Locality Sensitive Hashing
---------------------------
ccvLshBucketId.m: returns the id of the bucket
ccvLshBucketPoints.m: returns the points in a given bucket
ccvLshClean.m: clears an LSH from memory
ccvLshCreate.m: creates an LSH
ccvLshFuncVal.m: returns the values of the hash functions
ccvLshInsert.m: inserts into the LSH
ccvLshKnn.m: performs k-NN
ccvLshLoad.m: loads from a file
ccvLshSave.m: saves to a file
ccvLshSearch.m: returns points in the same bucket without distance computations
ccvLshStats.m: returns stats

ccvNormalize.m: normalizes input points
ccvNorm.m: returns the norm of the input points

ccvRandSeed.m: sets/restores the random seed

COMPILE.m: compiles the mex files

DEMO.m: demo file

+++++++++++++++++++++++++++++++++++++++++++++++++++++++++++++++++++++++++
 INSTALL
+++++++++++++++++++++++++++++++++++++++++++++++++++++++++++++++++++++++++
To install package, unzip the package somewhere:

cd ~
unzip caltech-image-search.zip 
cd ~/caltech-image-search

Then compile the MEX files with Matlab:

matlab&
>> COMPILE

+++++++++++++++++++++++++++++++++++++++++++++++++++++++++++++++++++++++++
 DEMO
+++++++++++++++++++++++++++++++++++++++++++++++++++++++++++++++++++++++++

See the demo file DEMO.m for example usages.
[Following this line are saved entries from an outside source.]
(* Let $n \geq 2$ and let $X_1, \dots, X_n$ be mutually independent nonnegative random variables with survival functions $\overline{F}_i(x) = \mathbb{P}(X_i > x)$, $i = 1, \dots, n$. Let $\boldsymbol{\theta} = (\theta_1, \dots, \theta_n) \in (0,1)^n$ with $\sum_{i=1}^n \theta_i = 1$, and let $\mathbf{I} = (I_1, \dots, I_n) \sim \mathrm{Categorical}(\boldsymbol{\theta})$ be independent of $X_1, \dots, X_n$. Suppose that for each $i \in \{1,\dots,n\}$ and every subset $\mu$ with $\{i\} \subseteq \mu \subsetneq \{1, \dots, n\}$, the condition $$\theta_{\mu} \, \overline{F}_i(x) \leq \overline{F}_i(x/\theta_{\mu}) \quad \text{for all } x \geq 0$$ is satisfied, where $\theta_\mu = \sum_{j \in \mu} \theta_j$. Then $$I_1 X_1 + \dots + I_n X_n \leq_{\mathrm{st}} \theta_1 X_1 + \dots + \theta_n X_n.$$
   Context: $\mathbf{I} \sim \mathrm{Categorical}(\boldsymbol{\theta})$ means that almost surely exactly one component of $\mathbf{I}$ equals $1$ and all others equal $0$, with $\mathbb{P}(I_i = 1) = \theta_i$. For random variables $X, Y$, $X \leq_{\mathrm{st}} Y$ (first-order stochastic dominance) means $\mathbb{P}(X > x) \leq \mathbb{P}(Y > x)$ for all $x \in \mathbb{R}$. For a nonempty $\mu \subseteq \{1,\dots,n\}$, $\theta_\mu := \sum_{j\in\mu}\theta_j$. *)

theory Defs
  imports "HOL-Probability.Probability"
begin

definition theta_sum :: "(nat \<Rightarrow> real) \<Rightarrow> nat set \<Rightarrow> real" where
  "theta_sum \<theta> \<mu> = (\<Sum>j\<in>\<mu>. \<theta> j)"

end

(*
  Conditioning on I gives P(I_1 X_1 + ... + I_n X_n > x) <= sum_i theta_i P(X_i > x), so for x >= 0
  it suffices to show sum_i theta_i c_i <= P(theta_1 X_1 + ... + theta_n X_n > x), c_i = P(X_i > x).
  Call a nonempty mu good if X_i > x / theta_mu for all i in mu; if a good mu exists, the weighted
  sum exceeds x.  Replacing X_i by its level, the least threshold t in {theta_mu | i in mu} with
  X_i > x / t, the existence of a good mu becomes an event about independent discrete levels whose
  distribution functions dominate t -> c_i t by hypothesis.  The event is monotone in the levels,
  so its probability can only drop if the levels are replaced by ones with distribution functions
  exactly t -> c_i t.  For those it is computed by decomposing according to the largest good set,
  and an Abel-type polynomial identity shows that it equals sum_i theta_i c_i.
*)
theory Submission
  imports Defs
begin

lemma theta_sum_empty [simp]: "theta_sum \<theta> {} = 0"
  by (simp add: theta_sum_def)

lemma theta_sum_Un_disjoint:
  "finite \<nu> \<Longrightarrow> finite \<nu>' \<Longrightarrow> \<nu> \<inter> \<nu>' = {} \<Longrightarrow>
    theta_sum \<theta> (\<nu> \<union> \<nu>') = theta_sum \<theta> \<nu> + theta_sum \<theta> \<nu>'"
  unfolding theta_sum_def by (rule sum.union_disjoint)

lemma theta_sum_mono:
  "finite \<nu>' \<Longrightarrow> \<nu> \<subseteq> \<nu>' \<Longrightarrow> (\<And>i. i \<in> \<nu>' \<Longrightarrow> 0 \<le> \<theta> i) \<Longrightarrow>
    theta_sum \<theta> \<nu> \<le> theta_sum \<theta> \<nu>'"
  unfolding theta_sum_def by (intro sum_mono2) auto

section \<open>An Abel-type polynomial identity\<close>

text \<open>At \<open>z = 1\<close>, \<open>no_good_poly \<theta> c C b 1\<close> is the probability that no nonempty subset of \<open>C\<close> is
  good at offset \<open>b\<close> when the levels are independent with distribution functions \<open>t \<mapsto> c i * t\<close>.
  The extra variable \<open>z\<close> makes the identity \<open>abel_sum_eq_power\<close> provable by differentiation.\<close>

definition no_good_poly :: "(nat \<Rightarrow> real) \<Rightarrow> (nat \<Rightarrow> real) \<Rightarrow> nat set \<Rightarrow> real \<Rightarrow> real \<Rightarrow> real" where
  "no_good_poly \<theta> c C b z =
     (\<Prod>k\<in>C. z - b * c k) - (\<Sum>i\<in>C. \<theta> i * c i * (\<Prod>k\<in>C - {i}. z - b * c k))"

definition abel_sum :: "(nat \<Rightarrow> real) \<Rightarrow> (nat \<Rightarrow> real) \<Rightarrow> nat set \<Rightarrow> real \<Rightarrow> real \<Rightarrow> real" where
  "abel_sum \<theta> c B a z = (\<Sum>\<nu>\<in>Pow B. (a + theta_sum \<theta> \<nu>) ^ card \<nu> * (\<Prod>i\<in>\<nu>. c i)
       * no_good_poly \<theta> c (B - \<nu>) (a + theta_sum \<theta> \<nu>) z)"

lemma no_good_poly_empty [simp]: "no_good_poly \<theta> c {} b z = 1"
  by (simp add: no_good_poly_def)

lemma no_good_poly_deriv:
  assumes "finite C"
  shows "(no_good_poly \<theta> c C b has_real_derivative (\<Sum>k\<in>C. no_good_poly \<theta> c (C - {k}) b z)) (at z)"
proof -
  let ?p = "\<lambda>D. \<Prod>y\<in>D. z - b * c y"
  have prod_deriv: "((\<lambda>z. \<Prod>k\<in>D. z - b * c k) has_real_derivative (\<Sum>k\<in>D. ?p (D - {k}))) (at z)"
    if "finite D" for D
    using has_field_derivative_prod[of D "\<lambda>k z. z - b * c k" "\<lambda>_. 1" z] that
    by (simp add: DERIV_diff[OF DERIV_ident DERIV_const, simplified])
  have swap: "(\<Sum>i\<in>C. \<Sum>k\<in>C - {i}. h i k) = (\<Sum>k\<in>C. \<Sum>i\<in>C - {k}. h i k)"
    for h :: "nat \<Rightarrow> nat \<Rightarrow> real"
  proof -
    have "(\<Sum>i\<in>C. \<Sum>k\<in>C - {i}. h i k) = (\<Sum>i\<in>C. \<Sum>k\<in>{k \<in> C. i \<noteq> k}. h i k)"
      by (intro sum.cong) auto
    also have "\<dots> = (\<Sum>k\<in>C. \<Sum>i\<in>{i \<in> C. i \<noteq> k}. h i k)"
      by (rule sum.swap_restrict[OF assms assms])
    also have "\<dots> = (\<Sum>k\<in>C. \<Sum>i\<in>C - {k}. h i k)"
      by (intro sum.cong) auto
    finally show ?thesis .
  qed
  have pair: "C - {i} - {k} = C - {i, k}" for i k
    by auto
  have "(\<Sum>i\<in>C. \<theta> i * c i * (\<Sum>k\<in>C - {i}. ?p (C - {i} - {k})))
      = (\<Sum>i\<in>C. \<Sum>k\<in>C - {i}. \<theta> i * c i * ?p (C - {i, k}))"
    by (simp only: sum_distrib_left pair)
  also have "\<dots> = (\<Sum>k\<in>C. \<Sum>i\<in>C - {k}. \<theta> i * c i * ?p (C - {i, k}))"
    by (rule swap)
  also have "\<dots> = (\<Sum>k\<in>C. \<Sum>i\<in>C - {k}. \<theta> i * c i * ?p (C - {k} - {i}))"
    by (simp only: pair insert_commute)
  finally have swapped: "(\<Sum>i\<in>C. \<theta> i * c i * (\<Sum>k\<in>C - {i}. ?p (C - {i} - {k})))
      = (\<Sum>k\<in>C. \<Sum>i\<in>C - {k}. \<theta> i * c i * ?p (C - {k} - {i}))" .
  have "(no_good_poly \<theta> c C b has_real_derivative
      (\<Sum>k\<in>C. ?p (C - {k})) - (\<Sum>i\<in>C. \<theta> i * c i * (\<Sum>k\<in>C - {i}. ?p (C - {i} - {k})))) (at z)"
    unfolding no_good_poly_def[abs_def] using assms
    by (intro DERIV_diff DERIV_sum DERIV_cmult prod_deriv) auto
  then show ?thesis
    unfolding swapped by (simp add: no_good_poly_def sum_subtractf)
qed

lemma abel_sum_deriv:
  assumes "finite B"
  shows "(abel_sum \<theta> c B a has_real_derivative (\<Sum>k\<in>B. abel_sum \<theta> c (B - {k}) a z)) (at z)"
proof -
  let ?y = "\<lambda>\<nu>. a + theta_sum \<theta> \<nu>"
  let ?K = "\<lambda>\<nu>. ?y \<nu> ^ card \<nu> * (\<Prod>i\<in>\<nu>. c i)"
  let ?q = "\<lambda>\<nu> k. ?K \<nu> * no_good_poly \<theta> c (B - {k} - \<nu>) (?y \<nu>) z"
  have deriv: "(abel_sum \<theta> c B a has_real_derivative
      (\<Sum>\<nu>\<in>Pow B. ?K \<nu> * (\<Sum>k\<in>B - \<nu>. no_good_poly \<theta> c (B - \<nu> - {k}) (?y \<nu>) z))) (at z)"
    unfolding abel_sum_def[abs_def] using assms
    by (intro DERIV_sum DERIV_cmult no_good_poly_deriv) (auto intro: finite_subset)
  have sets: "B - \<nu> - {k} = B - {k} - \<nu>" "{\<nu>. \<nu> \<in> Pow B \<and> k \<notin> \<nu>} = Pow (B - {k})"
    for \<nu> k
    by auto
  have "(\<Sum>\<nu>\<in>Pow B. ?K \<nu> * (\<Sum>k\<in>B - \<nu>. no_good_poly \<theta> c (B - \<nu> - {k}) (?y \<nu>) z))
      = (\<Sum>\<nu>\<in>Pow B. \<Sum>k\<in>B - \<nu>. ?q \<nu> k)"
    by (simp only: sum_distrib_left sets(1))
  also have "\<dots> = (\<Sum>\<nu>\<in>Pow B. \<Sum>k\<in>{k. k \<in> B \<and> k \<notin> \<nu>}. ?q \<nu> k)"
    by (intro sum.cong refl) auto
  also have "\<dots> = (\<Sum>k\<in>B. \<Sum>\<nu>\<in>{\<nu>. \<nu> \<in> Pow B \<and> k \<notin> \<nu>}. ?q \<nu> k)"
    using assms by (intro sum.swap_restrict) auto
  also have "\<dots> = (\<Sum>k\<in>B. abel_sum \<theta> c (B - {k}) a z)"
    by (simp only: sets(2) abel_sum_def)
  finally show ?thesis
    using deriv by simp
qed

lemma sum_Pow_insert_alternating:
  fixes f :: "real \<Rightarrow> real"
  assumes fin: "finite B" and j: "j \<notin> B"
  shows "(\<Sum>\<nu>\<in>Pow (insert j B). (-1) ^ card (insert j B - \<nu>) * f (theta_sum \<theta> \<nu>))
    = (\<Sum>\<nu>\<in>Pow B. (-1) ^ card (B - \<nu>) * (f (theta_sum \<theta> \<nu> + \<theta> j) - f (theta_sum \<theta> \<nu>)))"
proof -
  let ?g = "\<lambda>\<nu>. (-1::real) ^ card (insert j B - \<nu>) * f (theta_sum \<theta> \<nu>)"
  have in_Pow: "j \<notin> \<nu>" "finite \<nu>" if "\<nu> \<in> Pow B" for \<nu>
    using that fin j finite_subset[of \<nu> B] by auto
  have "inj_on (insert j) (Pow B)"
    using j insert_ident by (fastforce simp: inj_on_def)
  then have "(\<Sum>\<nu>\<in>insert j ` Pow B. ?g \<nu>) = (\<Sum>\<nu>\<in>Pow B. ?g (insert j \<nu>))"
    by (rule sum.reindex[unfolded comp_def])
  also have "\<dots> = (\<Sum>\<nu>\<in>Pow B. (-1) ^ card (B - \<nu>) * f (theta_sum \<theta> \<nu> + \<theta> j))"
    using j in_Pow by (intro sum.cong refl) (auto simp: theta_sum_def add.commute)
  finally have upper: "(\<Sum>\<nu>\<in>insert j ` Pow B. ?g \<nu>)
      = (\<Sum>\<nu>\<in>Pow B. (-1) ^ card (B - \<nu>) * f (theta_sum \<theta> \<nu> + \<theta> j))" .
  have "card (insert j B - \<nu>) = Suc (card (B - \<nu>))" if "\<nu> \<in> Pow B" for \<nu>
    using that fin j by (auto simp: insert_Diff_if)
  then have lower: "(\<Sum>\<nu>\<in>Pow B. ?g \<nu>) = - (\<Sum>\<nu>\<in>Pow B. (-1) ^ card (B - \<nu>) * f (theta_sum \<theta> \<nu>))"
    by (simp add: sum_negf[symmetric])
  have "Pow B \<inter> insert j ` Pow B = {}"
    using j by auto
  then show ?thesis
    using fin upper lower
    by (simp add: Pow_insert sum.union_disjoint sum_subtractf algebra_simps)
qed

lemma sum_Pow_alternating_power_eq_0:
  assumes "finite B" "m < card B"
  shows "(\<Sum>\<nu>\<in>Pow B. (-1) ^ card (B - \<nu>) * (a + theta_sum \<theta> \<nu>) ^ m) = (0::real)"
  using assms
proof (induction B arbitrary: m rule: finite_induct)
  case empty
  then show ?case by simp
next
  case (insert j B)
  let ?s = "\<lambda>\<nu>. (-1::real) ^ card (B - \<nu>)" and ?y = "\<lambda>\<nu>. a + theta_sum \<theta> \<nu>"
  have binomial: "(y + \<theta> j) ^ m - y ^ m = (\<Sum>k<m. of_nat (m choose k) * \<theta> j ^ (m - k) * y ^ k)" for y
    by (simp add: binomial_ring lessThan_Suc_atMost[symmetric] mult_ac)
  have "(\<Sum>\<nu>\<in>Pow (insert j B). (-1) ^ card (insert j B - \<nu>) * ?y \<nu> ^ m)
      = (\<Sum>\<nu>\<in>Pow B. ?s \<nu> * ((?y \<nu> + \<theta> j) ^ m - ?y \<nu> ^ m))"
    using sum_Pow_insert_alternating[OF insert.hyps, of "\<lambda>s. (a + s) ^ m"] by (simp add: add_ac)
  also have "\<dots> = (\<Sum>k<m. of_nat (m choose k) * \<theta> j ^ (m - k) * (\<Sum>\<nu>\<in>Pow B. ?s \<nu> * ?y \<nu> ^ k))"
    unfolding binomial by (simp add: sum_distrib_left mult_ac sum.swap[of _ "Pow B"])
  also have "\<dots> = 0"
    using insert by (intro sum.neutral) auto
  finally show ?case .
qed
(* Let $(G,D,\star)$ be a probabilistic metric space (not necessarily complete) where $\star$ is a continuous triangle function, and let $(a_n)\subset G$ be a Cauchy sequence. Then there exists a probabilistic $1$-Lipschitz map $f:G\to\Delta^+$ such that $D(a_n,x)\xrightarrow{w}f(x)$ as $n\to\infty$ for every $x\in G$. In particular $f(a_n)\xrightarrow{w}\mathcal H_0$ as $n\to\infty$.
   Context: A distribution function is a nondecreasing, left-continuous function $F:[-\infty,+\infty]\to[0,1]$ with $F(-\infty)=0$, $F(+\infty)=1$; $\Delta^+$ is the set of distribution functions with $F(0)=0$, ordered pointwise. $\mathcal H_0(t)=0$ for $t\le0$, $1$ for $t>0$. A triangle function is a binary operation $\star$ on $\Delta^+$ that is commutative, associative, nondecreasing in each argument, with $F\star\mathcal H_0=F$. $F_n\xrightarrow{w}F$ (weak convergence) means $F_n(t)\to F(t)$ at every continuity point $t\in\mathbb R$ of $F$; $\star$ is continuous if $F_n\star L_n\xrightarrow{w}F\star L$ whenever $F_n\xrightarrow{w}F$, $L_n\xrightarrow{w}L$. A probabilistic metric space $(G,D,\star)$ consists of a set $G$, a triangle function $\star$ and $D:G\times G\to\Delta^+$ with (i) $D(p,q)=\mathcal H_0$ iff $p=q$; (ii) $D(p,q)=D(q,p)$; (iii) $D(p,q)\star D(q,r)\le D(p,r)$. A sequence $(z_n)\subset G$ is Cauchy if $D(z_n,z_p)(t)\to\mathcal H_0(t)$ for all $t\in\mathbb R$ as $n,p\to\infty$. A map $f:G\to\Delta^+$ is probabilistic $1$-Lipschitz if $D(x,y)\star f(y)\le f(x)$ for all $x,y$. *)

theory Defs
  imports "HOL-Analysis.Analysis"
begin

definition distribution_function :: "(ereal \<Rightarrow> real) \<Rightarrow> bool" where
  "distribution_function F \<longleftrightarrow>
     (\<forall>t. 0 \<le> F t \<and> F t \<le> 1) \<and> mono F \<and>
     (\<forall>t::real. ((\<lambda>x::real. F (ereal x)) \<longlongrightarrow> F (ereal t)) (at_left t)) \<and>
     F (-\<infinity>) = 0 \<and> F \<infinity> = 1"

definition DeltaPlus :: "(ereal \<Rightarrow> real) set" where
  "DeltaPlus = {F. distribution_function F \<and> F 0 = 0}"

definition H0 :: "ereal \<Rightarrow> real" where
  "H0 t = (if t \<le> 0 then 0 else 1)"

definition triangle_function :: "((ereal \<Rightarrow> real) \<Rightarrow> (ereal \<Rightarrow> real) \<Rightarrow> (ereal \<Rightarrow> real)) \<Rightarrow> bool" where
  "triangle_function T \<longleftrightarrow>
     (\<forall>F\<in>DeltaPlus. \<forall>L\<in>DeltaPlus. T F L \<in> DeltaPlus) \<and>
     (\<forall>F\<in>DeltaPlus. \<forall>L\<in>DeltaPlus. T F L = T L F) \<and>
     (\<forall>F\<in>DeltaPlus. \<forall>L\<in>DeltaPlus. \<forall>M\<in>DeltaPlus. T (T F L) M = T F (T L M)) \<and>
     (\<forall>F\<in>DeltaPlus. \<forall>F'\<in>DeltaPlus. \<forall>L\<in>DeltaPlus. F \<le> F' \<longrightarrow> T F L \<le> T F' L) \<and>
     (\<forall>F\<in>DeltaPlus. T F H0 = F)"

definition weak_conv :: "(nat \<Rightarrow> ereal \<Rightarrow> real) \<Rightarrow> (ereal \<Rightarrow> real) \<Rightarrow> bool" where
  "weak_conv Fs F \<longleftrightarrow>
     (\<forall>t::real. isCont (\<lambda>x::real. F (ereal x)) t \<longrightarrow> (\<lambda>n. Fs n (ereal t)) \<longlonglongrightarrow> F (ereal t))"

definition continuous_triangle_function :: "((ereal \<Rightarrow> real) \<Rightarrow> (ereal \<Rightarrow> real) \<Rightarrow> (ereal \<Rightarrow> real)) \<Rightarrow> bool" where
  "continuous_triangle_function T \<longleftrightarrow> triangle_function T \<and>
     (\<forall>Fs Ls F L. (\<forall>n. Fs n \<in> DeltaPlus) \<longrightarrow> (\<forall>n. Ls n \<in> DeltaPlus) \<longrightarrow>
        F \<in> DeltaPlus \<longrightarrow> L \<in> DeltaPlus \<longrightarrow> weak_conv Fs F \<longrightarrow> weak_conv Ls L \<longrightarrow>
        weak_conv (\<lambda>n. T (Fs n) (Ls n)) (T F L))"

definition PM_space :: "('a \<Rightarrow> 'a \<Rightarrow> (ereal \<Rightarrow> real)) \<Rightarrow> ((ereal \<Rightarrow> real) \<Rightarrow> (ereal \<Rightarrow> real) \<Rightarrow> (ereal \<Rightarrow> real)) \<Rightarrow> bool" where
  "PM_space D T \<longleftrightarrow> triangle_function T \<and>
     (\<forall>p q. D p q \<in> DeltaPlus) \<and>
     (\<forall>p q. D p q = H0 \<longleftrightarrow> p = q) \<and>
     (\<forall>p q. D p q = D q p) \<and>
     (\<forall>p q r. T (D p q) (D q r) \<le> D p r)"

definition PM_Cauchy :: "('a \<Rightarrow> 'a \<Rightarrow> (ereal \<Rightarrow> real)) \<Rightarrow> (nat \<Rightarrow> 'a) \<Rightarrow> bool" where
  "PM_Cauchy D z \<longleftrightarrow>
     (\<forall>t::real. \<forall>e>0. \<exists>N. \<forall>n\<ge>N. \<forall>p\<ge>N. \<bar>D (z n) (z p) (ereal t) - H0 (ereal t)\<bar> < e)"

definition prob_1_Lipschitz :: "('a \<Rightarrow> 'a \<Rightarrow> (ereal \<Rightarrow> real)) \<Rightarrow> ((ereal \<Rightarrow> real) \<Rightarrow> (ereal \<Rightarrow> real) \<Rightarrow> (ereal \<Rightarrow> real)) \<Rightarrow> ('a \<Rightarrow> (ereal \<Rightarrow> real)) \<Rightarrow> bool" where
  "prob_1_Lipschitz D T f \<longleftrightarrow> (\<forall>x. f x \<in> DeltaPlus) \<and> (\<forall>x y. T (D x y) (f y) \<le> f x)"

end

theory Submission imports Defs "HOL-Probability.Helly_Selection" begin

text \<open>For fixed \<open>x\<close>, Helly's selection theorem gives subsequences along which \<open>D (a n) x\<close>
converges weakly. For two such subsequential limits \<open>L\<^sub>1, L\<^sub>2\<close>, the triangle inequality
\<open>T (D (a p\<^sub>n) (a q\<^sub>n)) (D (a q\<^sub>n) x) \<le> D (a p\<^sub>n) x\<close> passes to the limit by continuity of \<open>T\<close>;
since \<open>D (a p\<^sub>n) (a q\<^sub>n) \<rightarrow> H0\<close> by the Cauchy property, this gives \<open>L\<^sub>2 \<le> L\<^sub>1\<close>, and by symmetry
\<open>L\<^sub>1 = L\<^sub>2\<close>. Hence the whole sequence converges to some \<open>f x\<close>. Letting \<open>n \<rightarrow> \<infinity>\<close> in
\<open>T (D x y) (D (a n) y) \<le> D (a n) x\<close> shows that \<open>f\<close> is 1-Lipschitz, and \<open>f (a n) \<rightarrow> H0\<close>
because \<open>f (a n) \<ge> D (a m) (a n)\<close> in the limit \<open>m \<rightarrow> \<infinity>\<close>, up to continuity points.\<close>

hide_const (open) Weak_Convergence.weak_conv

lemma DeltaPlusD:
  assumes "F \<in> DeltaPlus"
  shows "0 \<le> F t" "F t \<le> 1" "mono F" "F (-\<infinity>) = 0" "F \<infinity> = 1" "F 0 = 0"
    "((\<lambda>x::real. F (ereal x)) \<longlongrightarrow> F (ereal r)) (at_left r)"
  using assms unfolding DeltaPlus_def distribution_function_def by auto

lemma DeltaPlus_eq_0_nonpos:
  assumes "F \<in> DeltaPlus" "t \<le> 0"
  shows "F t = 0"
  using DeltaPlusD[OF assms(1)] assms(2) by (metis antisym monoD)

lemma DeltaPlus_mono_real:
  assumes "F \<in> DeltaPlus"
  shows "mono (\<lambda>x::real. F (ereal x))"
  using DeltaPlusD(3)[OF assms] by (auto simp: mono_def)

lemma H0_in_DeltaPlus: "H0 \<in> DeltaPlus"
proof -
  have "\<forall>\<^sub>F x in at_left t. H0 (ereal x) = H0 (ereal t)" for t :: real
  proof (cases "t \<le> 0")
    case True
    then show ?thesis
      unfolding eventually_at_left[of "t - 1" t, simplified]
      by (intro exI[of _ "t - 1"]) (auto simp: H0_def)
  next
    case False
    then have "0 < t" by simp
    then show ?thesis
      unfolding eventually_at_left[OF \<open>0 < t\<close>] by (intro exI[of _ 0]) (auto simp: H0_def)
  qed
  then have "((\<lambda>x::real. H0 (ereal x)) \<longlongrightarrow> H0 (ereal t)) (at_left t)" for t
    by (rule tendsto_eventually)
  moreover have "mono H0" by (auto simp: mono_def H0_def)
  ultimately show ?thesis
    unfolding DeltaPlus_def distribution_function_def by (auto simp: H0_def)
qed

lemma mono_common_continuity_point:
  fixes g h :: "real \<Rightarrow> real"
  assumes "mono g" "mono h" "a < b"
  shows "\<exists>u. a < u \<and> u < b \<and> isCont g u \<and> isCont h u"
proof -
  have "countable ({x. \<not> isCont g x} \<union> {x. \<not> isCont h x})"
    using mono_ctble_discont[OF assms(1)] mono_ctble_discont[OF assms(2)] by auto
  from open_minus_countable[OF this, of "{a<..<b}"] assms(3)
  show ?thesis by auto
qed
+++++++++++++++++++++++++++++++++++++++++++++++++++++++++++++++++++++++++
 CONTACT
+++++++++++++++++++++++++++++++++++++++++++++++++++++++++++++++++++++++++

Mohamed Aly <malaa at vision d0t caltech d0t edu>

+++++++++++++++++++++++++++++++++++++++++++++++++++++++++++++++++++++++++
 REFERENCE
+++++++++++++++++++++++++++++++++++++++++++++++++++++++++++++++++++++++++

[1] Mohamed Aly, Mario Munich, and Pietro Perona.
Indexing in Large Scale Image Collections: Scaling Properties and Benchmark.
IEEE Workshop on Applications of Computer Vision WACV, January 2011.